→ REQUIRED ACTION
Starting at the first line of the data below, write out each line exactly until you reach the line containing "unfolding hlow_def by (rule LeastI_ex)", and include that line too.

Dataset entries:
*** Block opens ***

lemma hlow_spec: "hlow \<le> hdeg" "\<exists>W\<in>Sym. gcoord W = 0 \<and> hcoeff hdeg hlow W \<noteq> 0"
proof -
  have "\<exists>k W. k \<le> hdeg \<and> W \<in> Sym \<and> gcoord W = 0 \<and> hcoeff hdeg k W \<noteq> 0"
    unfolding hdeg_def by (rule someI_ex) (rule hcoeff_nonzero_somewhere)
  then have "\<exists>W. hlow \<le> hdeg \<and> W \<in> Sym \<and> gcoord W = 0 \<and> hcoeff hdeg hlow W \<noteq> 0"
    unfolding hlow_def by (rule LeastI_ex)
  then show "hlow \<le> hdeg" "\<exists>W\<in>Sym. gcoord W = 0 \<and> hcoeff hdeg hlow W \<noteq> 0" by auto
qed

lemma hcoeff_below_hlow:
  assumes "k < hlow" "W \<in> Sym" "gcoord W = 0" shows "hcoeff hdeg k W = 0"
proof (rule ccontr)
  assume "hcoeff hdeg k W \<noteq> 0"
  moreover have "k \<le> hdeg" using assms(1) hlow_spec(1) by simp
  ultimately have "\<exists>W. k \<le> hdeg \<and> W \<in> Sym \<and> gcoord W = 0 \<and> hcoeff hdeg k W \<noteq> 0" using assms(2,3) by blast
  then have "hlow \<le> k" unfolding hlow_def by (rule Least_le)
  then show False using assms(1) by simp
qed

text \<open>If \<open>S = \<sigma> W + \<tau> \<Gamma>\<close> with \<open>W = line_ker u v\<close>, then \<open>\<sigma>\<^sup>h\<^sup>l\<^sup>o\<^sup>w\<close> times this polynomial is
  \<open>W\<^sub>\<alpha>\<^sup>h\<^sup>d\<^sup>e\<^sup>g\<^sup>-\<^sup>h\<^sup>l\<^sup>o\<^sup>w\<close> times the homogeneous part of \<open>f\<close>, since \<open>\<sigma> W\<^sub>\<alpha> = S\<^sub>\<alpha> - \<tau> \<Gamma>\<^sub>\<alpha>\<close>.
  It therefore vanishes on the incidence correspondence, whereas at \<open>S = a \<Gamma>\<close> only the term
  \<open>k = hlow\<close> survives.\<close>
definition sep_poly :: "'n \<times> 'n \<Rightarrow> 'n cmat \<Rightarrow> 'n cmat \<Rightarrow> 'n cmat \<Rightarrow> complex" where
  "sep_poly \<alpha> S u v = (\<Sum>k\<in>{hlow..hdeg}. (entry S \<alpha> - gcoord S * entry \<Gamma> \<alpha>) ^ (k - hlow) *
     entry (line_ker u v) \<alpha> ^ (hdeg - k) * gcoord S ^ (hdeg - k) * hcoeff hdeg k (line_ker u v))"

lemma sep_poly_vanishes:
  assumes S: "S \<in> reciprocal L" "S = csc \<sigma> (line_ker u v) + csc \<tau> \<Gamma>" "\<sigma> \<noteq> 0"
    and uv: "u \<in> Sym" "v \<in> Sym"
  shows "sep_poly \<alpha> S u v = 0"
proof -
  define W where "W = line_ker u v"
  define w where "w = entry W \<alpha>"
  have W: "W \<in> Sym" "gcoord W = 0" using uv by (simp_all add: W_def line_ker_Sym)
  have gS: "gcoord S = \<tau>" and eS: "entry S \<alpha> - \<tau> * entry \<Gamma> \<alpha> = \<sigma> * w"
    using S(2) by (simp_all add: W_def w_def)
  have scaled_term: "\<sigma> ^ hlow * ((\<sigma> * w) ^ (k - hlow) * w ^ (hdeg - k) * \<tau> ^ (hdeg - k) * hcoeff hdeg k W)
      = w ^ (hdeg - hlow) * (hcoeff hdeg k W * \<sigma> ^ k * \<tau> ^ (hdeg - k))" if "k \<in> {hlow..hdeg}" for k
  proof -
    have "\<sigma> ^ k = \<sigma> ^ hlow * \<sigma> ^ (k - hlow)" "w ^ (hdeg - hlow) = w ^ (k - hlow) * w ^ (hdeg - k)"
      using that by (simp_all flip: power_add)
    then show ?thesis by (simp add: power_mult_distrib algebra_simps)
  qed
  have "\<sigma> ^ hlow * sep_poly \<alpha> S u v
      = (\<Sum>k\<in>{hlow..hdeg}. \<sigma> ^ hlow * ((\<sigma> * w) ^ (k - hlow) * w ^ (hdeg - k) * \<tau> ^ (hdeg - k) * hcoeff hdeg k W))"
    unfolding sep_poly_def gS eS W_def[symmetric] w_def[symmetric] sum_distrib_left ..
  also have "\<dots> = w ^ (hdeg - hlow) * (\<Sum>k\<in>{hlow..hdeg}. hcoeff hdeg k W * \<sigma> ^ k * \<tau> ^ (hdeg - k))"
    unfolding sum_distrib_left by (rule sum.cong[OF refl scaled_term])
  also have "(\<Sum>k\<in>{hlow..hdeg}. hcoeff hdeg k W * \<sigma> ^ k * \<tau> ^ (hdeg - k)) = (\<Sum>k\<le>hdeg. hcoeff hdeg k W * \<sigma> ^ k * \<tau> ^ (hdeg - k))"
    by (rule sum.mono_neutral_left) (auto simp: hcoeff_below_hlow W)
  also have "\<dots> = 0"
  proof -
    have "csc \<sigma> W + csc \<tau> \<Gamma> \<in> reciprocal L" using S(1,2) by (simp add: W_def)
    then show ?thesis by (rule homogeneous_part_vanishes)
  qed
  finally show ?thesis using S(3) by simp
qed

lemma sep_poly_multiple_\<Gamma>:
  "sep_poly \<alpha> (csc a \<Gamma>) u v = entry (line_ker u v) \<alpha> ^ (hdeg - hlow) * a ^ (hdeg - hlow) * hcoeff hdeg hlow (line_ker u v)"
proof -
  have "sep_poly \<alpha> (csc a \<Gamma>) u v = (\<Sum>k\<in>{hlow..hdeg}. if k = hlow then
      entry (line_ker u v) \<alpha> ^ (hdeg - hlow) * a ^ (hdeg - hlow) * hcoeff hdeg hlow (line_ker u v) else 0)"
    unfolding sep_poly_def by (intro sum.cong refl) (simp add: power_0_left)
  then show ?thesis using hlow_spec(1) by simp
qed

lemma polyfuns_sep_poly: "(\<lambda>t. sep_poly \<alpha> (fst t) (fst (snd (snd t))) (snd (snd (snd t)))) \<in> polyfuns tcoords"
proof -
  have S: "(\<lambda>t. fst t $ i $ j) \<in> polyfuns tcoords" for i j :: 'n by (rule tcoord_1)
  have W: "(\<lambda>t. line_ker (fst (snd (snd t))) (snd (snd (snd t))) $ i $ j) \<in> polyfuns tcoords" for i j :: 'n
    by (rule polyfuns_line_ker) (rule tcoord_3, rule tcoord_4)
  show ?thesis unfolding sep_poly_def entry_def
    by (intro polyfuns_sum pf_mult polyfuns_power polyfuns_diff polyfuns_gcoord pf_const S W
        polyfuns_compose_mcoords[OF polyfuns_hcoeff]) simp
qed

lemma incidence_sep_poly:
  assumes "(S, G, (u, v)) \<in> incidence L" shows "sep_poly \<alpha> S u v = 0"
proof -
  have "(\<lambda>t. sep_poly \<alpha> (fst t) (fst (snd (snd t))) (snd (snd (snd t)))) (S, G, (u, v)) = 0"
  proof (rule incidence_vanishing[OF assms polyfuns_sep_poly])
    fix S' G' l' assume a: "(S', G', l') \<in> incidence0 L"
    obtain u' v' where l': "l' = (u', v')" by (cases l')
    note D = incidence0_D[OF a[unfolded l']]
    obtain \<sigma> where \<sigma>: "\<sigma> \<noteq> 0" "S' = csc \<sigma> (line_ker u' v') + csc (gcoord S') \<Gamma>" using D(5) by blast
    have "sep_poly \<alpha> S' u' v' = 0"
      by (rule sep_poly_vanishes[OF D(2) \<sigma>(2) \<sigma>(1) \<Gamma>_linesD(1,2)[OF D(1)]])
    then show "sep_poly \<alpha> (fst (S', G', l')) (fst (snd (snd (S', G', l')))) (snd (snd (snd (S', G', l')))) = 0"
      by (simp add: l')
  qed
  then show ?thesis by simp
qed
lemma sin_le_sin_symmetric:
  assumes "0 \<le> a" "a \<le> pi / 2" "a \<le> b" "b \<le> pi - a"
  shows "sin a \<le> sin b"
proof (cases "b \<le> pi / 2")
  case True
  then show ?thesis using assms by (intro sin_monotone_2pi_le) auto
next
  case False
  have "sin a \<le> sin (pi - b)" using assms False by (intro sin_monotone_2pi_le) auto
  then show ?thesis by simp
qed

lemma smooth_step_sin_ratio:
  assumes r: "0 < r" "r \<le> 1/4" and s: "r \<le> s" "s \<le> 1 - r" "r \<le> \<bar>s - 1/2\<bar>"
  shows "smooth_step (sin (2 * pi * s) / sin (2 * pi * r)) = (if s < 1/2 then 0 else 1)"
proof -
  have r_pi: "0 \<le> 2 * pi * r" "2 * pi * r \<le> pi / 2"
    using r pi_gt_zero by (auto simp: field_simps)
  have sin_r: "0 < sin (2 * pi * r)"
    using r_pi r by (intro sin_gt_zero) auto
  show ?thesis
  proof (cases "s < 1/2")
    case True
    then have "2 * pi * r \<le> 2 * pi * s" "2 * pi * s \<le> 2 * pi * (1/2 - r)"
      using s by (auto simp: abs_if)
    then have "sin (2 * pi * r) \<le> sin (2 * pi * s)"
      using r_pi by (intro sin_le_sin_symmetric) (auto simp: algebra_simps)
    then show ?thesis
      using True sin_r by (simp add: smooth_step_eq_0)
  next
    case False
    then have "2 * pi * r \<le> 2 * pi * (s - 1/2)" "2 * pi * (s - 1/2) \<le> 2 * pi * (1/2 - r)"
      using s by (auto simp: abs_if)
    then have "sin (2 * pi * r) \<le> - sin (2 * pi * s)"
      using r_pi sin_le_sin_symmetric[of "2 * pi * r" "2 * pi * (s - 1/2)"]
      by (simp add: algebra_simps)
    then show ?thesis
      using False sin_r by (simp add: smooth_step_eq_1 divide_le_eq)
  qed
qed

text \<open>With \<open>s\<close> the fractional part of \<open>2 ^ n * x\<close>, the \<open>n\<close>-th digit is \<open>\<lfloor>2 * s\<rfloor>\<close>;
  avoiding the dyadic rationals keeps \<open>s\<close> away from \<open>0\<close>, \<open>1/2\<close> and \<open>1\<close>, so that
  \<open>\<bar>sin (2 * pi * s)\<bar> \<ge> sin (2 * pi * gap_radius n)\<close> and the step function saturates.\<close>

lemma dyadic_avoiding_digit_detector:
  assumes x: "dyadic_avoiding x"
  shows "binary_digit n x \<in> {0, 1} \<and> digit_detector n x = binary_digit n x"
proof -
  define t where "t = 2 ^ n * x"
  define m where "m = \<lfloor>t\<rfloor>"
  define s where "s = t - m"
  have t: "0 \<le> t" "t \<le> 2 ^ n"
    using x by (auto simp: t_def dyadic_avoiding_def)
  have m: "0 \<le> m" and s: "0 \<le> s" "s < 1" "t = m + s"
    using t unfolding s_def m_def by linarith+
  have "real_of_int m \<le> 2 ^ n"
    using t s by linarith
  then have "m \<le> 2 ^ n"
    by (metis of_int_le_iff of_int_numeral of_int_power)
  then have "gap_radius n \<le> \<bar>t - of_int (2 * m) / 2\<bar>"
    unfolding t_def using m by (intro dyadic_avoiding_scaled[OF x]) auto
  then have low: "gap_radius n \<le> s"
    using s by simp
  then have "real_of_int m < 2 ^ n"
    using gap_radius_pos[of n] t s by linarith
  then have "m < 2 ^ n"
    by (metis of_int_less_iff of_int_numeral of_int_power)
  then have "2 * m + 2 \<le> 2 ^ (n + 1)"
    by simp
  then have "gap_radius n \<le> \<bar>t - of_int (2 * m + 1) / 2\<bar>" "gap_radius n \<le> \<bar>t - of_int (2 * m + 2) / 2\<bar>"
    unfolding t_def using m by (intro dyadic_avoiding_scaled[OF x]; simp)+
  then have mid: "gap_radius n \<le> \<bar>s - 1/2\<bar>" and high: "s \<le> 1 - gap_radius n"
    using s by (auto simp: field_simps abs_if split: if_splits)
  have "sin (2 * pi * (2 ^ n * x)) = sin (2 * pi * s + 2 * pi * of_int m)"
    unfolding t_def[symmetric] s(3) by (simp add: algebra_simps)
  also have "\<dots> = sin (2 * pi * s)"
    by (simp add: sin_add)
  finally have "digit_detector n x = (if s < 1/2 then 0 else 1)"
    unfolding digit_detector_def
    using smooth_step_sin_ratio[OF gap_radius_pos _ low high mid] gap_radius_le[of n] by simp
  moreover have "binary_digit n x = (if s < 1/2 then 0 else 1)"
  proof -
    have "2 ^ (n + 1) * x = 2 * s + of_int (2 * m)"
      using s(3) by (simp add: t_def)
    then have "\<lfloor>2 ^ (n + 1) * x\<rfloor> = \<lfloor>2 * s\<rfloor> + 2 * m"
      by (simp only: floor_add_int)
    then have "binary_digit n x = \<lfloor>2 * s\<rfloor>"
      by (simp add: binary_digit_def m_def t_def)
    then show ?thesis
      using s by (simp add: floor_eq_iff)
  qed
  ultimately show ?thesis by simp
qed
text \<open>
  As \<open>T\<^sub>I f\<close> is nonincreasing, \<open>(T\<^sub>I f)\<^sup>*\<^sup>*(t)\<close> is at most the average of \<open>T\<^sub>I f\<close> over
  \<open>(0,t)\<close>. For \<open>s < t\<close> split the supremum over \<open>u \<ge> s\<close> defining \<open>T\<^sub>I f(s)\<close> at \<open>t\<close>: the part
  \<open>u \<ge> t\<close> is a multiple of the supremum defining \<open>T\<^sub>I f(t)\<close>, and for
  \<open>s \<le> u < t\<close> monotonicity of \<open>I\<close> and \<open>f\<^sup>*\<close> gives
  \<open>(u/I(u)) f\<^sup>*(u) \<le> 2 \<integral>\<^bsub>u/2\<^esub>\<^bsup>u\<^esup> f\<^sup>*(r)/I(r) dr \<le> 2 \<integral>\<^bsub>s/2\<^esub>\<^bsup>t\<^esup> f\<^sup>*(r)/I(r) dr\<close>.
  Averaging, the first part is controlled by \<open>\<integral>\<^sub>0\<^sup>t I(s)/s ds \<lesssim> I(t)\<close>; the second becomes,
  after Fubini, \<open>\<integral>\<^sub>0\<^sup>t f\<^sup>*(r)/I(r) \<integral>\<^sub>0\<^bsup>2r\<^esup> I(s)/s ds dr \<lesssim> \<integral>\<^sub>0\<^sup>t f\<^sup>*\<close>, since
  \<open>I(2r) \<le> 2 I(r)\<close>. Thus \<open>(T\<^sub>I f)\<^sup>*\<^sup>*(t) \<lesssim> T\<^sub>I f(t) + f\<^sup>*\<^sup>*(t)\<close>, and both terms are
  \<open>\<lesssim> T\<^sub>I f\<^sup>*\<^sup>*(t)\<close> because \<open>f\<^sup>* \<le> f\<^sup>*\<^sup>* \<le> 2 (f\<^sup>*\<^sup>*)\<^sup>*\<close>.
\<close>

lemma borel_measurable_antimono_ennreal:
  fixes g :: "real \<Rightarrow> ennreal"
  assumes "\<And>x y. x \<le> y \<Longrightarrow> g y \<le> g x"
  shows "g \<in> borel_measurable borel"
proof (rule borel_measurableI_greater)
  fix y
  have "is_interval {x. y < g x}"
    unfolding is_interval_1 using assms by (metis mem_Collect_eq order_less_le_trans)
  then show "{x \<in> space borel. y < g x} \<in> sets borel"
    using real_interval_borel_measurable by simp
qed

lemma rearr_antimono: "s \<le> t \<Longrightarrow> rearr f t \<le> rearr f s"
  unfolding rearr_def
  by (rule Inf_superset_mono) (use ennreal_leI order_trans in blast)

lemma rearr_measurable [measurable]: "rearr f \<in> borel_measurable borel"
  by (rule borel_measurable_antimono_ennreal) (rule rearr_antimono)

lemma rearr_cong:
  assumes "\<And>x. 0 < x \<Longrightarrow> x < 1 \<Longrightarrow> f x = g x"
  shows "rearr f = rearr g"
proof -
  have "{x \<in> {0<..<1}. y < f x} = {x \<in> {0<..<1}. y < g x}" for y
    using assms by auto
  then show ?thesis unfolding rearr_def distr_fun_def by simp
qed

lemma rearr_le_antimono:
  fixes g :: "real \<Rightarrow> ennreal"
  assumes "\<And>x y. 0 < x \<Longrightarrow> x \<le> y \<Longrightarrow> y < 1 \<Longrightarrow> g y \<le> g x"
    and "0 < s" "s < 1"
  shows "rearr g s \<le> g s"
proof -
  have "{x \<in> {0<..<1}. g s < g x} \<subseteq> {0<..<s}"
    using assms by (auto simp: not_less[symmetric]) (meson not_le)
  then have "distr_fun g (g s) \<le> emeasure lborel {0<..<s}"
    unfolding distr_fun_def by (rule emeasure_mono) simp
  also have "\<dots> = ennreal s" using assms by simp
  finally show ?thesis unfolding rearr_def by (intro Inf_lower) simp
qed
(* Let $0<\alpha<1$, let $\eta>0$ be sufficiently small, and let $\theta>0$. Let $B^2_{\eta/2}$ be the disk $$\{(x,Y^2):(x-\tfrac{3\eta}2)^2+(Y^2)^2\le(\tfrac\eta2)^2\}.$$ There exists a compactly supported function $\hat w\in H^{1/2}(\mathbb{R}^2)$ such that $$\hat w(x,Y^2)=\theta\int_{\mathbb{R}}\zeta_{\eta/10}(y)\,|\ln(x-y)|^\alpha\,\chi(x-y)\,dy\qquad\text{for }(x,Y^2)\in B^2_{\eta/2},$$ and $$\|\hat w\|_{\dot H^{1/2}(\mathbb{R}^2)}\lesssim\theta\,\eta^{1/4}\big(1+|\ln\tfrac{6\eta}5|^\alpha+|\ln\tfrac{9\eta}5|^\alpha\big),$$ where the implicit constant is independent of $\eta$ and $\theta$.
   Context: $\chi$ is the indicator function of the interval $[\tfrac65\eta,\tfrac95\eta]$. $\zeta_{\eta/10}\in C_c^\infty(\mathbb{R})$ is a function with support in $\{|x|\le\eta/10\}$, satisfying $0\le\zeta_{\eta/10}\le 20/\eta$ and $\int_{\mathbb{R}}\zeta_{\eta/10}=1$. *)

theory Defs
  imports "HOL-Analysis.Analysis"
begin

definition smooth_real :: "(real \<Rightarrow> real) \<Rightarrow> bool" where
  "smooth_real f \<longleftrightarrow> (\<forall>n x. ((deriv ^^ n) f) differentiable (at x))"

text \<open>Squared Gagliardo seminorm of order s = 1/2 on R^2 (points are real \<times> real with the
  Euclidean distance): the double integral of |u p - u q|^2 / |p - q|^(2 + 2s), with 2 + 2s = 3.\<close>
definition gagliardo_half_sq :: "(real \<times> real \<Rightarrow> real) \<Rightarrow> ennreal" where
  "gagliardo_half_sq u =
     (\<integral>\<^sup>+ p. (\<integral>\<^sup>+ q. ennreal ((u p - u q)^2 / (dist p q) ^ 3) \<partial>lborel) \<partial>lborel)"
lemma cis_chord_endpoint: "cis \<beta> - complex_of_real (2 * cos (\<beta> - \<phi>)) * cis \<phi> = - cis (2 * \<phi> - \<beta>)"
proof -
  have "complex_of_real (2 * cos (\<beta> - \<phi>)) = cis (\<beta> - \<phi>) + cis (- (\<beta> - \<phi>))"
    by (simp add: complex_eq_iff cos_diff sin_diff)
  then have "complex_of_real (2 * cos (\<beta> - \<phi>)) * cis \<phi> = cis (\<beta> - \<phi> + \<phi>) + cis (- (\<beta> - \<phi>) + \<phi>)"
    by (simp add: distrib_right cis_mult)
  also have "\<dots> = cis \<beta> + cis (2 * \<phi> - \<beta>)"
    by (simp add: algebra_simps)
  finally show ?thesis
    by simp
qed

lemma cis_chord_endpoint_powers:
  "- cis (- \<phi>) * (cis (- \<phi>) * cis (- \<phi>)) ^ k * ((- cis (2 * \<phi> - \<beta>)) ^ (n + 1) - cis \<beta> ^ (n + 1))
   = cis ((real n - 2 * real k) * \<phi>)
     * (cis (real (n + 1) * (\<beta> - \<phi>)) + (-1) ^ n * cis (- (real (n + 1) * (\<beta> - \<phi>))))"
proof -
  define c where "c = cis (- \<phi>) * (cis (- \<phi>) * cis (- \<phi>)) ^ k"
  have c: "c = cis (- ((2 * real k + 1) * \<phi>))"
    unfolding c_def cis_mult Complex.DeMoivre by (rule arg_cong[where f = cis]) (simp add: algebra_simps)
  have e1: "c * cis \<beta> ^ (n + 1) = cis ((real n - 2 * real k) * \<phi>) * cis (real (n + 1) * (\<beta> - \<phi>))"
    unfolding c cis_mult Complex.DeMoivre by (rule arg_cong[where f = cis]) (simp add: algebra_simps)
  have e2: "c * cis (2 * \<phi> - \<beta>) ^ (n + 1)
      = cis ((real n - 2 * real k) * \<phi>) * cis (- (real (n + 1) * (\<beta> - \<phi>)))"
    unfolding c cis_mult Complex.DeMoivre by (rule arg_cong[where f = cis]) (simp add: algebra_simps)
  have "(- cis (2 * \<phi> - \<beta>)) ^ (n + 1) = - ((-1) ^ n * cis (2 * \<phi> - \<beta>) ^ (n + 1))"
    by (subst power_minus) simp
  then have "- c * ((- cis (2 * \<phi> - \<beta>)) ^ (n + 1) - cis \<beta> ^ (n + 1))
      = c * cis \<beta> ^ (n + 1) + (-1) ^ n * (c * cis (2 * \<phi> - \<beta>) ^ (n + 1))"
    by (simp add: algebra_simps)
  also have "\<dots> = cis ((real n - 2 * real k) * \<phi>)
     * (cis (real (n + 1) * (\<beta> - \<phi>)) + (-1) ^ n * cis (- (real (n + 1) * (\<beta> - \<phi>))))"
    unfolding e1 e2 by (simp only: distrib_left mult.left_commute)
  finally show ?thesis
    unfolding c_def by (simp only: mult_minus_left)
qed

*** Block closes ***

→ SOLUTION TO THE PROBLEM
lemma hlow_spec: "hlow \<le> hdeg" "\<exists>W\<in>Sym. gcoord W = 0 \<and> hcoeff hdeg hlow W \<noteq> 0"
proof -
  have "\<exists>k W. k \<le> hdeg \<and> W \<in> Sym \<and> gcoord W = 0 \<and> hcoeff hdeg k W \<noteq> 0"
    unfolding hdeg_def by (rule someI_ex) (rule hcoeff_nonzero_somewhere)
  then have "\<exists>W. hlow \<le> hdeg \<and> W \<in> Sym \<and> gcoord W = 0 \<and> hcoeff hdeg hlow W \<noteq> 0"
    unfolding hlow_def by (rule LeastI_ex)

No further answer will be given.